Search the records below for the string "rule", and report each line that contains it.
BEGIN Available records
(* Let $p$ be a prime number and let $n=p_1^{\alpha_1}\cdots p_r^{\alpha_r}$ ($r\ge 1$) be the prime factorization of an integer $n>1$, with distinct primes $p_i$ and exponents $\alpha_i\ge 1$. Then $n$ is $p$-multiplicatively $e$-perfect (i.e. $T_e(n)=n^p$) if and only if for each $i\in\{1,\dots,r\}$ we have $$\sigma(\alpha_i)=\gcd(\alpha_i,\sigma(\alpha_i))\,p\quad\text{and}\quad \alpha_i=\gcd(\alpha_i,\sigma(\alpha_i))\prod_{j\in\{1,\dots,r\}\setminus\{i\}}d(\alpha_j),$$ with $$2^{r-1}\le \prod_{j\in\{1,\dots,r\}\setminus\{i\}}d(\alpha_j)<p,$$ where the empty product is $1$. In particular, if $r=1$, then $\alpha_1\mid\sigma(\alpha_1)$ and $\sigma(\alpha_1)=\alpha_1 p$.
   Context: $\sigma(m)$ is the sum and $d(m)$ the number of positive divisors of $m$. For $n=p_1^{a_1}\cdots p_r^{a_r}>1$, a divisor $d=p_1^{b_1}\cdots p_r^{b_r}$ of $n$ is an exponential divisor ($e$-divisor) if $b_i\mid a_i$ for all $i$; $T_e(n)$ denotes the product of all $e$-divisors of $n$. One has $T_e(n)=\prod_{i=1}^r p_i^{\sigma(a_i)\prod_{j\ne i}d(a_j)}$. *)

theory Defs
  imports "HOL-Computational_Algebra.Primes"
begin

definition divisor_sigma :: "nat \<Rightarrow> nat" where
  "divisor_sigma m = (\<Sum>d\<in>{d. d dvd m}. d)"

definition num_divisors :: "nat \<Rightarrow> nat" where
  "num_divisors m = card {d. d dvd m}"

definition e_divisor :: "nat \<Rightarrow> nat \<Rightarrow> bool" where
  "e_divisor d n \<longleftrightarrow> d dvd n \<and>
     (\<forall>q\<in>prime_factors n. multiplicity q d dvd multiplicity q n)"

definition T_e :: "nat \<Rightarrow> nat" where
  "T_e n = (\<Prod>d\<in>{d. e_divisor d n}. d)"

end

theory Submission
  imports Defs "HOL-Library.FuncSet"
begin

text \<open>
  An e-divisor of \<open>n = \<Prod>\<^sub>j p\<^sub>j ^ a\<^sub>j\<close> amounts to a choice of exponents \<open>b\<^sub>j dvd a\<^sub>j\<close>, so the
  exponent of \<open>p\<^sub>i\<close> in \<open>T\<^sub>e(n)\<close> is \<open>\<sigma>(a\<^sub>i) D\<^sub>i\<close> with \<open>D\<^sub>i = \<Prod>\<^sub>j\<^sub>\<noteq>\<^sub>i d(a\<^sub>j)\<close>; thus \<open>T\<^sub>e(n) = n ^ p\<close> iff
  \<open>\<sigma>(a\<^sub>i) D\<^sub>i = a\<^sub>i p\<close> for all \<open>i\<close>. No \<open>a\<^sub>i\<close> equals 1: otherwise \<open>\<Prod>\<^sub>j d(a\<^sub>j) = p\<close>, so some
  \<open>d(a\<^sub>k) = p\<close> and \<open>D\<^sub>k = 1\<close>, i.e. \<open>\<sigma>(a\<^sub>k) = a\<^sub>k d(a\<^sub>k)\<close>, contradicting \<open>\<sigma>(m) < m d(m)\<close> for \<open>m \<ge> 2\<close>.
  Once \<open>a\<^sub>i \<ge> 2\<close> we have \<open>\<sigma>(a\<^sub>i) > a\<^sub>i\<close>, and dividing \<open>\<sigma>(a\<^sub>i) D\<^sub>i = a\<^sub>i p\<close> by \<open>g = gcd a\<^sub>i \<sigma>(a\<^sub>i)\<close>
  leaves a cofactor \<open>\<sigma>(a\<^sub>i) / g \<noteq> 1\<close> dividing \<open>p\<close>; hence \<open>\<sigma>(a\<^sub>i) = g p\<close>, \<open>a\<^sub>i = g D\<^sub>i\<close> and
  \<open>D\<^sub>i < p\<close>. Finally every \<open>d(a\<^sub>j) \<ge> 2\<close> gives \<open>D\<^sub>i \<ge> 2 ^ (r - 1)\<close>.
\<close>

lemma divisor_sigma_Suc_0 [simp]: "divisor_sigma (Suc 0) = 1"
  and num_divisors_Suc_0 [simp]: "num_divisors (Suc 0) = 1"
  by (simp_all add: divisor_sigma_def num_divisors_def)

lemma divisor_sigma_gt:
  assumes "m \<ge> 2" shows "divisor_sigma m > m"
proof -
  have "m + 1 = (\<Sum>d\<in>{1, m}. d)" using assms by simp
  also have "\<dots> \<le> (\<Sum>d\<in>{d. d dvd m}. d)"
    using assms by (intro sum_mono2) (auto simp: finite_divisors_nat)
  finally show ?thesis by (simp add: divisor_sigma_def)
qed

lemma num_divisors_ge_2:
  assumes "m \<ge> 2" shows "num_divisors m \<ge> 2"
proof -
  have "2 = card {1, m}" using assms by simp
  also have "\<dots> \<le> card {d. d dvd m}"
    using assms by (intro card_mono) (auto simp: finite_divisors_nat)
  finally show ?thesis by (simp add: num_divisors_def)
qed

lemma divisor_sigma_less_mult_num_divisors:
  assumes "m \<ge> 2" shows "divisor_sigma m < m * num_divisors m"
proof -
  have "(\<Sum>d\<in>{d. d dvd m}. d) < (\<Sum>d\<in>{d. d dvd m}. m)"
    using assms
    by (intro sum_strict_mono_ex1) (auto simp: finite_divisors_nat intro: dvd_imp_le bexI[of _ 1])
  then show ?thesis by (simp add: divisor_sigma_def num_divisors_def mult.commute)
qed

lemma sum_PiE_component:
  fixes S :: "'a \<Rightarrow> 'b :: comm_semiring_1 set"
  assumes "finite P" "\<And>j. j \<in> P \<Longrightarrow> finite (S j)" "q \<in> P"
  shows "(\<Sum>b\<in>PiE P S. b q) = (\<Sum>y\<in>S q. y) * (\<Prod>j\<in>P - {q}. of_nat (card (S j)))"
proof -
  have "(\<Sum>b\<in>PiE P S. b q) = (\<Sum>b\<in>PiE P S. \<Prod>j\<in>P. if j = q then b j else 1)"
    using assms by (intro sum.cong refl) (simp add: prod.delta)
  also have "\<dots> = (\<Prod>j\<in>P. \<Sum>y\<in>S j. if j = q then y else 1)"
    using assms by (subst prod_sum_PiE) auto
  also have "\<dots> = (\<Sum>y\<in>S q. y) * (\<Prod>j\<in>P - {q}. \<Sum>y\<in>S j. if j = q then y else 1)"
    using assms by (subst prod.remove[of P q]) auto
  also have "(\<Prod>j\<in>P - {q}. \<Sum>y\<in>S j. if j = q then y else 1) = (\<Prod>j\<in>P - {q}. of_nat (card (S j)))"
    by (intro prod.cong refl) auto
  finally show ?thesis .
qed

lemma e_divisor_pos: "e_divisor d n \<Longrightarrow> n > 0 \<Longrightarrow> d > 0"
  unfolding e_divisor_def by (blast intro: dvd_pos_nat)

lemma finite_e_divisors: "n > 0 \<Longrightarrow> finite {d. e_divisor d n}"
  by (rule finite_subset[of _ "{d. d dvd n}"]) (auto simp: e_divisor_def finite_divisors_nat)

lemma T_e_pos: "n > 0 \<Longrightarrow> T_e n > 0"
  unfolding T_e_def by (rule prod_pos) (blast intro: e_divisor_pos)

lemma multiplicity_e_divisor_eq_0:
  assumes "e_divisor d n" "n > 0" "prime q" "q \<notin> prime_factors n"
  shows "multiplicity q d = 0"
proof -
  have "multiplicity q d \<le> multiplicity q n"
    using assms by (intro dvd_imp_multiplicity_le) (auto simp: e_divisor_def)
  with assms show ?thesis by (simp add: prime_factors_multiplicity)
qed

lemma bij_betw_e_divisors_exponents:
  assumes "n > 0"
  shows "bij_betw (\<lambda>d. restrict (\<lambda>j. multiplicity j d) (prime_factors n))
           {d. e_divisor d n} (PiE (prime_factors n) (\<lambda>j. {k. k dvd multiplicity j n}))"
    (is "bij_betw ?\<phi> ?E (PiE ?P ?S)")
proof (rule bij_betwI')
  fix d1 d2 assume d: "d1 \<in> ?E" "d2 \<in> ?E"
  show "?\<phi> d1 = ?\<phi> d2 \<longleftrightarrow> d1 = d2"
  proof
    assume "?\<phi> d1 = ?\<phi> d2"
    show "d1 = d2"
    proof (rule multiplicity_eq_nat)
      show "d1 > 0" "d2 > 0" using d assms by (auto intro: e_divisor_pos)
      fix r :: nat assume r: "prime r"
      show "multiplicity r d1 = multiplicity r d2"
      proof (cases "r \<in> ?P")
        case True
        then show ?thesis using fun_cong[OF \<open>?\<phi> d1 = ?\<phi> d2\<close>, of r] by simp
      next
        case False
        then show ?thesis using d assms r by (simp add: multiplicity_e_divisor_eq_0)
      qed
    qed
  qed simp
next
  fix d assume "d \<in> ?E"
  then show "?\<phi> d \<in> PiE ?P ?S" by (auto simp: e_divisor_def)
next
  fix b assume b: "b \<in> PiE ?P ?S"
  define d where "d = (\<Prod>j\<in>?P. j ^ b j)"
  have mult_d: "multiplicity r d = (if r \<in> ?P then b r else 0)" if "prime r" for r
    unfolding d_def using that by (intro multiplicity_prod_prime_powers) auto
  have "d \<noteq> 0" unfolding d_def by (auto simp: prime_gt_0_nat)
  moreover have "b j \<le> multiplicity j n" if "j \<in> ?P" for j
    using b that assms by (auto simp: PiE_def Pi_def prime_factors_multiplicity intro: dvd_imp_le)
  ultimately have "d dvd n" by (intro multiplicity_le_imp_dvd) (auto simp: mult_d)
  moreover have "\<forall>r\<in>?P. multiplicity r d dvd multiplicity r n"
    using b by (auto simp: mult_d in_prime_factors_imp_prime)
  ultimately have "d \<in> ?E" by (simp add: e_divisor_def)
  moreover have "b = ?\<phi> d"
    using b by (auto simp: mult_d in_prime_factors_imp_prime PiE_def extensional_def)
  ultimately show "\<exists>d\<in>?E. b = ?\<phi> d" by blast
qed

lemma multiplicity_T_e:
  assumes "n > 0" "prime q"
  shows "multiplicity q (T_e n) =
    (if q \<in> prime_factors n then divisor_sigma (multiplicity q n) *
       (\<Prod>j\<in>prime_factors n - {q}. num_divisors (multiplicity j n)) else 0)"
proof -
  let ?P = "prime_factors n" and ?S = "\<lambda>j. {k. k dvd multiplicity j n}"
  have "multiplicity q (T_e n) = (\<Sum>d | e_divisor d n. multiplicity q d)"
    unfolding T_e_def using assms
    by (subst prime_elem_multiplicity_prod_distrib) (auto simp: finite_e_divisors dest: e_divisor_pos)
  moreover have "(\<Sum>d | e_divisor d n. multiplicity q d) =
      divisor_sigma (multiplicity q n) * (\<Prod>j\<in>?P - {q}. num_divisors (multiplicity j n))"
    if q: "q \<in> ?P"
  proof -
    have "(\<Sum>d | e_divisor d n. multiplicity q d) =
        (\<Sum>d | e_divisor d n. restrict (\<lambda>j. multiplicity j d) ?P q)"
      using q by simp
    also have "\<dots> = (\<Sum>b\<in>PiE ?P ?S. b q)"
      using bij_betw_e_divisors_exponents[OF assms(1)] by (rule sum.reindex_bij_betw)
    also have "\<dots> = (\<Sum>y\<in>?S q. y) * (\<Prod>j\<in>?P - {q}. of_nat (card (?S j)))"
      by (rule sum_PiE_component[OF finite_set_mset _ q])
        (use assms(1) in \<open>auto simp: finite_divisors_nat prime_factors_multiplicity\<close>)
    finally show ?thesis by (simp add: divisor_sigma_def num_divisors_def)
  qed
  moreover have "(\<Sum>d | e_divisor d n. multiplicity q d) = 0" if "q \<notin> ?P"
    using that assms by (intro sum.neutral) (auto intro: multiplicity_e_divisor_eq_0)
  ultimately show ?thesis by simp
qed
END Available records
- [Written solution]:
  by (rule finite_subset[of _ "{d. d dvd n}"]) (auto simp: e_divisor_def finite_divisors_nat)
  unfolding T_e_def by (rule prod_pos) (blast intro: e_divisor_pos)
proof (rule bij_betwI')
    proof (rule multiplicity_eq_nat)
      using bij_betw_e_divisors_exponents[OF assms(1)] by (rule sum.reindex_bij_betw)
      by (rule sum_PiE_component[OF finite_set_mset _ q])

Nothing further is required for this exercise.